# Extraction of Named Entities: Prerequisites
Author: Pierre Nugues

__You must execute this notebook before your start the assignment.__

The goal of the assignment is to create a system to extract syntactic groups from a text. You will apply it to the CoNLL 2003 dataset. 

In this part, you will collect the datasets and the files you need to train your models. You will also collect the script you need to evaluate them.

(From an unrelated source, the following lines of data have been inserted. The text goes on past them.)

(* If $n$ is a positive integer, then \[ \sum_{k=1}^\infty\frac{\zeta(2k)}{k(k+n)} = -\frac{1}{2n^2}+\frac{\ln(2\pi)}{n}-2(2n-1)!\sum_{j=1}^{n-1}\frac{(-1)^j\zeta(2j+1)}{(2\pi)^{2j}(2n-2j)!}, \] \[ \sum_{k=1}^\infty\frac{\zeta(2k)}{k(2k+2n-1)} = -\frac{1}{(2n-1)^2}+\frac{\ln(2\pi)}{2n-1}-(2n-2)!\sum_{j=1}^{n-1}\frac{(-1)^j\zeta(2j+1)}{(2\pi)^{2j}(2n-2j-1)!}. \]
   Context: $\zeta$ denotes the Riemann zeta function; empty sums equal $0$. *)

theory Defs
  imports "HOL-Analysis.Analysis"
begin

text \<open>Riemann zeta function on the half-line s > 1, given by its Dirichlet series.
  The statement only uses zeta at integers s \<ge> 2, where this is the standard definition.\<close>
definition zeta :: "real \<Rightarrow> real" where
  "zeta s = (\<Sum>m. 1 / (real (Suc m)) powr s)"

end

theory Submission
  imports Defs "HOL-Real_Asymp.Real_Asymp"
begin

(*
  Taking logarithms in Euler's product for the sine gives, for 0 < y < 1,
  \<Sum>k. zeta (2k) y^(2k) / k = ln (2\<pi>y) - ln (2 sin (\<pi>y)).
  Multiplying by y^m and integrating over [0, 1] turns the left-hand side into
  \<Sum>k. zeta (2k) / (k (2k + m + 1)).  On the right, the integral of y^m ln (2\<pi>y) is
  elementary, and the integral of y^m ln (2 sin (\<pi>y)) is computed by m-fold integration by
  parts against the 1-periodic iterated primitives
  G_i (y) = - (2\<pi>)^(-i) \<Sum>k. cos (2\<pi>ky - i\<pi>/2) / k^(i+1)
  of ln (2 sin (\<pi>y)) = - \<Sum>k. cos (2\<pi>ky) / k.  Their boundary values
  G_i (0) = G_i (1) = - cos (i\<pi>/2) zeta (i + 1) / (2\<pi>)^i vanish for odd i, which leaves the odd
  zeta values.  The two identities are the cases m = 2n - 1 and m = 2n - 2.
*)

section \<open>Zeta values at positive integers\<close>

lemma zeta_of_nat_sums:
  assumes "j \<ge> 2"
  shows "(\<lambda>k. 1 / real (Suc k) ^ j) sums zeta (real j)"
proof -
  have "summable (\<lambda>k. inverse (real k ^ j))"
    by (rule inverse_power_summable) (use assms in auto)
  then have "summable (\<lambda>k. 1 / real (Suc k) ^ j)"
    by (subst (asm) summable_Suc_iff[symmetric]) (simp add: inverse_eq_divide)
  moreover have "zeta (real j) = (\<Sum>k. 1 / real (Suc k) ^ j)"
    unfolding zeta_def by (simp add: powr_realpow)
  ultimately show ?thesis by (simp add: sums_iff)
qed

lemma summable_inverse_Suc_power: "j \<ge> 2 \<Longrightarrow> summable (\<lambda>k. 1 / real (Suc k) ^ j)"
  using zeta_of_nat_sums sums_summable by blast

lemma zeta_of_nat_nonneg: "j \<ge> 2 \<Longrightarrow> 0 \<le> zeta (real j)"
  by (rule sums_le[OF _ sums_zero zeta_of_nat_sums]) auto

lemma zeta_of_nat_antimono:
  assumes "2 \<le> i" "i \<le> j"
  shows "zeta (real j) \<le> zeta (real i)"
proof (rule sums_le[OF _ zeta_of_nat_sums zeta_of_nat_sums])
  show "1 / real (Suc k) ^ j \<le> 1 / real (Suc k) ^ i" for k
    using assms by (intro divide_left_mono power_increasing) auto
qed (use assms in auto)
(* Let $(P,Q):[\tau_0,\infty)\times S^1\to\mathbb{R}^2$ be a smooth solution of \[ P_{\tau\tau}-e^{-2\tau}P_{\theta\theta}-e^{2P}(Q_\tau^2-e^{-2\tau}Q_\theta^2)=0,\qquad Q_{\tau\tau}-e^{-2\tau}Q_{\theta\theta}+2(P_\tau Q_\tau-e^{-2\tau}P_\theta Q_\theta)=0, \] with $\tau_0\ge2$, such that for some $\gamma>0$ and all $\theta\in S^1$, $1\le P(\tau_0,\theta)\le\tau_0-1$ and $\gamma\le P(\tau_0,\theta)/\tau_0\le1-\gamma$, and $F(\tau_0)\le(\gamma-\alpha)^2$ for some $0<\alpha<\gamma$. Then there is a constant $C$ such that for all $\tau\ge\tau_0$, \[ \big\|e^{2P}[Q_\tau^2(\tau,\cdot)+e^{-2\tau}Q_\theta^2(\tau,\cdot)]\big\|_{C^0(S^1,\mathbb{R})}\le Ce^{-\alpha\tau}. \]
   Context: $S^1=\mathbb{R}/2\pi\mathbb{Z}$; $\|\cdot\|_{C^0}$ is the sup norm. The function $F$ is \[ F(\tau)=\tfrac12\sup_{\theta\in S^1}\Big[(P_\tau-\tfrac1\tau P+e^{-\tau}P_\theta)^2+e^{2P}(Q_\tau+e^{-\tau}Q_\theta)^2\Big] +\tfrac12\sup_{\theta\in S^1}\Big[(P_\tau-\tfrac1\tau P-e^{-\tau}P_\theta)^2+e^{2P}(Q_\tau-e^{-\tau}Q_\theta)^2\Big]. \] *)

theory Defs
  imports "HOL-Analysis.Analysis"
begin

text \<open>Smoothness (C-infinity) of a real function of two real variables on a set S,
  with derivatives taken within S (so one-sided derivatives at boundary points):
  there is a family D of functions containing f, each member of which is
  (Frechet) differentiable within S at every point of S with both partial
  derivatives again in D.\<close>
definition smooth_on2 :: "(real \<times> real) set \<Rightarrow> (real \<times> real \<Rightarrow> real) \<Rightarrow> bool" where
  "smooth_on2 S f \<longleftrightarrow>
     (\<exists>D. f \<in> D \<and>
        (\<forall>g\<in>D. \<exists>g1\<in>D. \<exists>g2\<in>D. \<forall>p\<in>S.
            (g has_derivative (\<lambda>(h, k). g1 p * h + g2 p * k)) (at p within S)))"

definition dtau :: "real \<Rightarrow> (real \<Rightarrow> real \<Rightarrow> real) \<Rightarrow> real \<Rightarrow> real \<Rightarrow> real" where
  "dtau t0 u t x = vector_derivative (\<lambda>s. u s x) (at t within {t0..})"

definition dth :: "(real \<Rightarrow> real \<Rightarrow> real) \<Rightarrow> real \<Rightarrow> real \<Rightarrow> real" where
  "dth u t x = vector_derivative (\<lambda>y. u t y) (at x)"

text \<open>The functional F(tau) from the paper; theta ranges over S^1, represented by
  2*pi-periodic functions on the reals.\<close>
definition Ffun :: "real \<Rightarrow> (real \<Rightarrow> real \<Rightarrow> real) \<Rightarrow> (real \<Rightarrow> real \<Rightarrow> real) \<Rightarrow> real \<Rightarrow> real" where
  "Ffun t0 P Q t =
     1/2 * (SUP x\<in>UNIV. (dtau t0 P t x - P t x / t + exp (-t) * dth P t x)\<^sup>2
                     + exp (2 * P t x) * (dtau t0 Q t x + exp (-t) * dth Q t x)\<^sup>2)
   + 1/2 * (SUP x\<in>UNIV. (dtau t0 P t x - P t x / t - exp (-t) * dth P t x)\<^sup>2
                     + exp (2 * P t x) * (dtau t0 Q t x - exp (-t) * dth Q t x)\<^sup>2)"

end

theory Submission
  imports Defs
begin

text \<open>Write \<open>\<partial>\<^sub>\<pm> = \<partial>\<^sub>\<tau> \<pm> e\<^sup>-\<^sup>\<tau> \<partial>\<^sub>\<theta>\<close>. Up to first order terms the wave operator
  factors as \<open>\<partial>\<^sub>\<mp> \<partial>\<^sub>\<pm>\<close>, so along the curves \<open>\<theta> = x \<pm> e\<^sup>-\<^sup>\<tau>\<close> the quantities
  \<open>C\<^sub>\<pm> = \<partial>\<^sub>\<pm>P - P/\<tau>\<close> and \<open>B\<^sub>\<pm> = e\<^sup>P \<partial>\<^sub>\<pm>Q\<close> obey ODEs coupled only to \<open>C\<^sub>\<mp>\<close>,
  \<open>B\<^sub>\<mp>\<close> and \<open>P/\<tau>\<close>. Comparing \<open>E\<^sub>\<pm> = C\<^sub>\<pm>\<^sup>2 + B\<^sub>\<pm>\<^sup>2\<close> with an explicit strict
  supersolution of the linearised system, via a first touching time on the compact circle, gives
  \<open>E\<^sub>\<pm> = O(\<tau>\<^sup>-\<^sup>2)\<close>. Integrating the resulting bound on \<open>P\<^sub>\<tau> - P/\<tau>\<close> keeps \<open>P/\<tau>\<close> within
  \<open>K < \<gamma> - \<alpha>/2\<close> of its initial range \<open>[\<gamma>, 1 - \<gamma>]\<close>. Hence eventually
  \<open>|1 - 2 \<partial>\<^sub>\<pm>P| \<le> 1 - \<alpha> - 2\<mu>\<close> for some \<open>\<mu> > 0\<close>, and a second comparison, now with \<open>C e\<^sup>-\<^sup>\<alpha>\<^sup>\<tau>\<close>, bounds
  \<open>B\<^sub>\<pm>\<^sup>2\<close>, whose mean is \<open>e\<^sup>2\<^sup>P (Q\<^sub>\<tau>\<^sup>2 + e\<^sup>-\<^sup>2\<^sup>\<tau> Q\<^sub>\<theta>\<^sup>2)\<close>.\<close>

section \<open>Elementary calculus\<close>

lemma has_real_derivative_along_graph:
  fixes f :: "real \<times> real \<Rightarrow> real" and c :: "real \<Rightarrow> real"
  assumes f: "(f has_derivative (\<lambda>(h, k). a * h + b * k)) (at (t, c t) within S)"
    and c: "(c has_real_derivative c') (at t within T)"
    and T: "(\<lambda>s. (s, c s)) ` T \<subseteq> S"
  shows "((\<lambda>s. f (s, c s)) has_real_derivative a + c' * b) (at t within T)"
proof -
  have graph: "((\<lambda>s. (s, c s)) has_derivative (\<lambda>h. (h, c' * h))) (at t within T)"
    using c unfolding has_field_derivative_def by (intro has_derivative_Pair has_derivative_ident)
  have "(f has_derivative (\<lambda>(h, k). a * h + b * k)) (at (t, c t) within (\<lambda>s. (s, c s)) ` T)"
    using f T by (rule has_derivative_subset)
  from has_derivative_in_compose[OF graph this] show ?thesis
    unfolding has_field_derivative_def
    by (rule has_derivative_eq_rhs) (simp add: fun_eq_iff algebra_simps)
qed

lemma has_real_derivative_fst_partial:
  fixes f :: "real \<times> real \<Rightarrow> real"
  assumes "(f has_derivative (\<lambda>(h, k). a * h + b * k)) (at (t, x) within S)"
    and "(\<lambda>s. (s, x)) ` T \<subseteq> S"
  shows "((\<lambda>s. f (s, x)) has_real_derivative a) (at t within T)"
  using has_real_derivative_along_graph[where c = "\<lambda>_. x" and c' = 0, OF _ _ assms(2)] assms(1)
  by simp
(*
  Lift every clock to an integer L p t (the function lifted):
  L p 0 = bot_0 + delta_(p0,p) and L grows by one at every increment.  Two invariants
  hold along the execution:  the real clock is L reduced modulo M, and neighbours'
  lifted clocks differ by at most one.  Hence an enabled process is never ahead of a
  neighbour, so when p increments at time t the last event (q',t') of any neighbour
  q' before t has L q' t' >= L p t - 1.  Moreover L q 0 <= bot_0 + D for every q.
  The theorem then follows by strong induction on t: a vertex q at distance d+1
  <= L p t - k from p is reached through the neighbour q' on a shortest path, since
  q is at distance <= d <= L q' t' - k from q' and (q',t') causally precedes (p,t).
*)

section \<open>Clock arithmetic modulo M\<close>

text \<open>A multiple of \<open>M \<ge> 3\<close> of absolute value at most 2 is zero; this pins down
  lifted values from their residues.\<close>
lemma multiple_small_eq_0:
  fixes M d :: int
  assumes "M \<ge> 3" "\<bar>d\<bar> \<le> 2" "M dvd d"
  shows "d = 0"
proof (rule ccontr)
  assume "d \<noteq> 0"
  then have "\<bar>M\<bar> \<le> \<bar>d\<bar>" using dvd_imp_le_int[of d M] assms(3) by blast
  then show False using assms(1,2) by linarith
qed

lemma dvd_mod_diff: "(M::int) dvd x mod M - x"
  using mod_eq_dvd_iff[of "x mod M" M x] by simp
lemma pres_class_inverse_letter:
  assumes x: "x \<in> Xg"
  shows "pres_rel Xg Rl `` {[(x, False)]} = inv\<^bsub>presented_group Xg Rl\<^esub> pres_gen Xg Rl x"
proof -
  have l: "[(x, False)] \<in> lists (Xg \<times> UNIV)" "[(x, True)] \<in> lists (Xg \<times> UNIV)" using x by auto
  have "([] @ [(x, False), (x, \<not> False)] @ [], [] @ []) \<in> pres_rel Xg Rl"
    using x by (intro pcancel) auto
  then have "pres_rel Xg Rl `` {[(x, False)] @ [(x, True)]} = \<one>\<^bsub>presented_group Xg Rl\<^esub>"
    unfolding presented_group_one by (intro equiv_class_eq[OF equiv_pres_rel]) simp
  then have "pres_rel Xg Rl `` {[(x, False)]} \<otimes>\<^bsub>presented_group Xg Rl\<^esub> pres_gen Xg Rl x
      = \<one>\<^bsub>presented_group Xg Rl\<^esub>"
    unfolding pres_gen_def pres_class_mult[OF l] .
  then show ?thesis
    using group.inv_equality[OF group_presented_group _ pres_gen_closed[OF x] pres_class_closed[OF l(1)]]
    by simp
qed

lemma pres_class_eq_word_eval:
  "u \<in> lists (Xg \<times> UNIV) \<Longrightarrow>
    pres_rel Xg Rl `` {u} = word_eval (presented_group Xg Rl) (pres_gen Xg Rl) u"
proof (induction u)
  case Nil
  then show ?case by (simp add: presented_group_one)
next
  case (Cons a u)
  obtain x b where a: "a = (x, b)" by force
  have x: "x \<in> Xg" and u: "u \<in> lists (Xg \<times> UNIV)" using Cons.prems a by auto
  have "pres_rel Xg Rl `` {a # u}
      = pres_rel Xg Rl `` {[(x, b)]} \<otimes>\<^bsub>presented_group Xg Rl\<^esub> pres_rel Xg Rl `` {u}"
    using pres_class_mult[of "[(x, b)]" Xg u Rl] x u a by simp
  moreover have "pres_rel Xg Rl `` {[(x, b)]}
      = (if b then pres_gen Xg Rl x else inv\<^bsub>presented_group Xg Rl\<^esub> pres_gen Xg Rl x)"
    using pres_class_inverse_letter[OF x, of Rl] unfolding pres_gen_def by (cases b) simp_all
  ultimately show ?case using Cons.IH[OF u] a by simp
qed

lemma pres_class_relator:
  assumes "r \<in> Rl" "r \<in> lists (Xg \<times> UNIV)"
  shows "pres_rel Xg Rl `` {r} = \<one>\<^bsub>presented_group Xg Rl\<^esub>"
proof -
  have "([] @ r @ [], [] @ []) \<in> pres_rel Xg Rl" using assms by (intro prel) simp_all
  then show ?thesis
    unfolding presented_group_one by (intro equiv_class_eq[OF equiv_pres_rel]) simp
qed

lemma presented_group_hom_eqI:
  assumes H: "group H"
    and g1: "g1 \<in> hom (presented_group Xg Rl) H" and g2: "g2 \<in> hom (presented_group Xg Rl) H"
    and gens: "\<And>x. x \<in> Xg \<Longrightarrow> g1 (pres_gen Xg Rl x) = g2 (pres_gen Xg Rl x)"
    and A: "A \<in> carrier (presented_group Xg Rl)"
  shows "g1 A = g2 A"
proof -
  interpret g1: group_hom "presented_group Xg Rl" H g1
    using H g1 by (simp add: group_hom_def group_hom_axioms_def group_presented_group)
  interpret g2: group_hom "presented_group Xg Rl" H g2
    using H g2 by (simp add: group_hom_def group_hom_axioms_def group_presented_group)
  obtain u where u: "u \<in> lists (Xg \<times> UNIV)" "A = pres_rel Xg Rl `` {u}"
    using A by (rule pres_classE)
  have f: "pres_gen Xg Rl ` Xg \<subseteq> carrier (presented_group Xg Rl)"
    by (rule image_subsetI) (rule pres_gen_closed)
  have "word_eval H (g1 \<circ> pres_gen Xg Rl) w = word_eval H (g2 \<circ> pres_gen Xg Rl) w"
    if "w \<in> lists (Xg \<times> UNIV)" for w
    using that
  proof (induction w)
    case (Cons a w)
    obtain x b where "a = (x, b)" by force
    with Cons gens[of x] show ?case by simp
  qed simp
  then have "g1 (word_eval (presented_group Xg Rl) (pres_gen Xg Rl) u)
      = g2 (word_eval (presented_group Xg Rl) (pres_gen Xg Rl) u)"
    using g1.hom_word_eval[OF f u(1)] g2.hom_word_eval[OF f u(1)] u(1) by simp
  then show ?thesis
    using u pres_class_eq_word_eval by metis
qed

context group
begin

lemma mult_inv_cancel_left: "x \<in> carrier G \<Longrightarrow> y \<in> carrier G \<Longrightarrow> x \<otimes> (inv x \<otimes> y) = y"
  by (simp add: m_assoc[symmetric])

lemma inv_mult_cancel_left: "x \<in> carrier G \<Longrightarrow> y \<in> carrier G \<Longrightarrow> inv x \<otimes> (x \<otimes> y) = y"
  by (simp add: m_assoc[symmetric])
(* Let $p$ be a prime, $e\ge1$, $q=p^e$, $0\le\ell\le e-1$, and let $a\in\mathbb{F}_q$, $a\ne0$. Let $M$ be the $n\times n$ matrix whose columns $\varphi_1,\dots,\varphi_n\in\mathbb{F}_q^n$ form an $\ell$-Galois $(a,0,a)$-equiangular tight frame for $\mathbb{F}_q^n$, and let $G_0=[I_n\mid M]$. Let $\mathcal{C}\subseteq\mathbb{F}_q^{2n}$ be the linear code generated by the rows of $G_0$. If $a=-1$, then $\mathcal{C}$ is an $\ell$-Galois self-dual code, and if $a\neq-1$, then $\mathcal{C}$ is an $\ell$-Galois LCD code.
   Context: For vectors $\mathbf{x},\mathbf{y}$ of length $N$, $(\mathbf{x},\mathbf{y})_\ell=\sum_{i=1}^N x_i^{p^\ell}y_i$. For a matrix $\Phi$, $\Phi^{\dagger_\ell}$ is the transpose of the matrix obtained by raising each entry to the power $p^\ell$. Vectors $\varphi_1,\dots,\varphi_m\in\mathbb{F}_q^n$ with matrix $\Phi$ (columns $\varphi_i$) form an $\ell$-Galois $(a,b,c)$-equiangular tight frame if they span $\mathbb{F}_q^n$, $\Phi\Phi^{\dagger_\ell}=cI_n$, $(\varphi_i,\varphi_i)_\ell=a$ for all $i$, and $(\varphi_i,\varphi_j)_\ell(\varphi_j,\varphi_i)_\ell=b$ for all $i\neq j$. The $\ell$-Galois inner product is $\langle\mathbf{x},\mathbf{y}\rangle_\ell=\sum_i x_iy_i^{p^\ell}$; the $\ell$-Galois dual of a linear code $\mathcal{C}$ is $\mathcal{C}^{\perp_\ell}=\{\mathbf{x}:\langle\mathbf{x},\mathbf{c}\rangle_\ell=0\ \forall\mathbf{c}\in\mathcal{C}\}$; $\mathcal{C}$ is $\ell$-Galois self-dual if $\mathcal{C}=\mathcal{C}^{\perp_\ell}$ and $\ell$-Galois LCD if $\mathcal{C}\cap\mathcal{C}^{\perp_\ell}=\{\mathbf{0}\}$. *)

theory Defs
  imports "HOL-Computational_Algebra.Primes"
begin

## Collecting a Training and a Test sets

As annotated data and annotation scheme, you will use the data created for [CoNLL 2003](https://www.clips.uantwerpen.be/conll2003/ner/).
1. Read the description of the CoNLL 2003 task
2. Download both the training, validation, and test sets from https://data.deepai.org/conll2003.zip and decompress them. See the instructions below
3. Note that the tagging scheme has been changed to IOB2 


In [2]:
!wget https://data.deepai.org/conll2003.zip
!unzip -u conll2003.zip
!mkdir conll2003
!mv train.txt valid.txt test.txt conll2003
!rm conll2003.zip

--2024-04-27 11:14:26--  https://data.deepai.org/conll2003.zip
Resolving data.deepai.org (data.deepai.org)... 138.199.37.229
Connecting to data.deepai.org (data.deepai.org)|138.199.37.229|:443... connected.
HTTP request sent, awaiting response... 200 OK
Length: 982975 (960K) [application/zip]
Saving to: 'conll2003.zip'


2024-04-27 11:14:26 (3.49 MB/s) - 'conll2003.zip' saved [982975/982975]

Archive:  conll2003.zip
  inflating: metadata                
  inflating: test.txt                
  inflating: train.txt               
  inflating: valid.txt               
mkdir: conll2003: File exists


## The evaluation script

You will train the models with the training set and the test set to evaluate them. For this, you will apply the `conlleval` script that will compute the harmonic mean of the precision and recall: F1. 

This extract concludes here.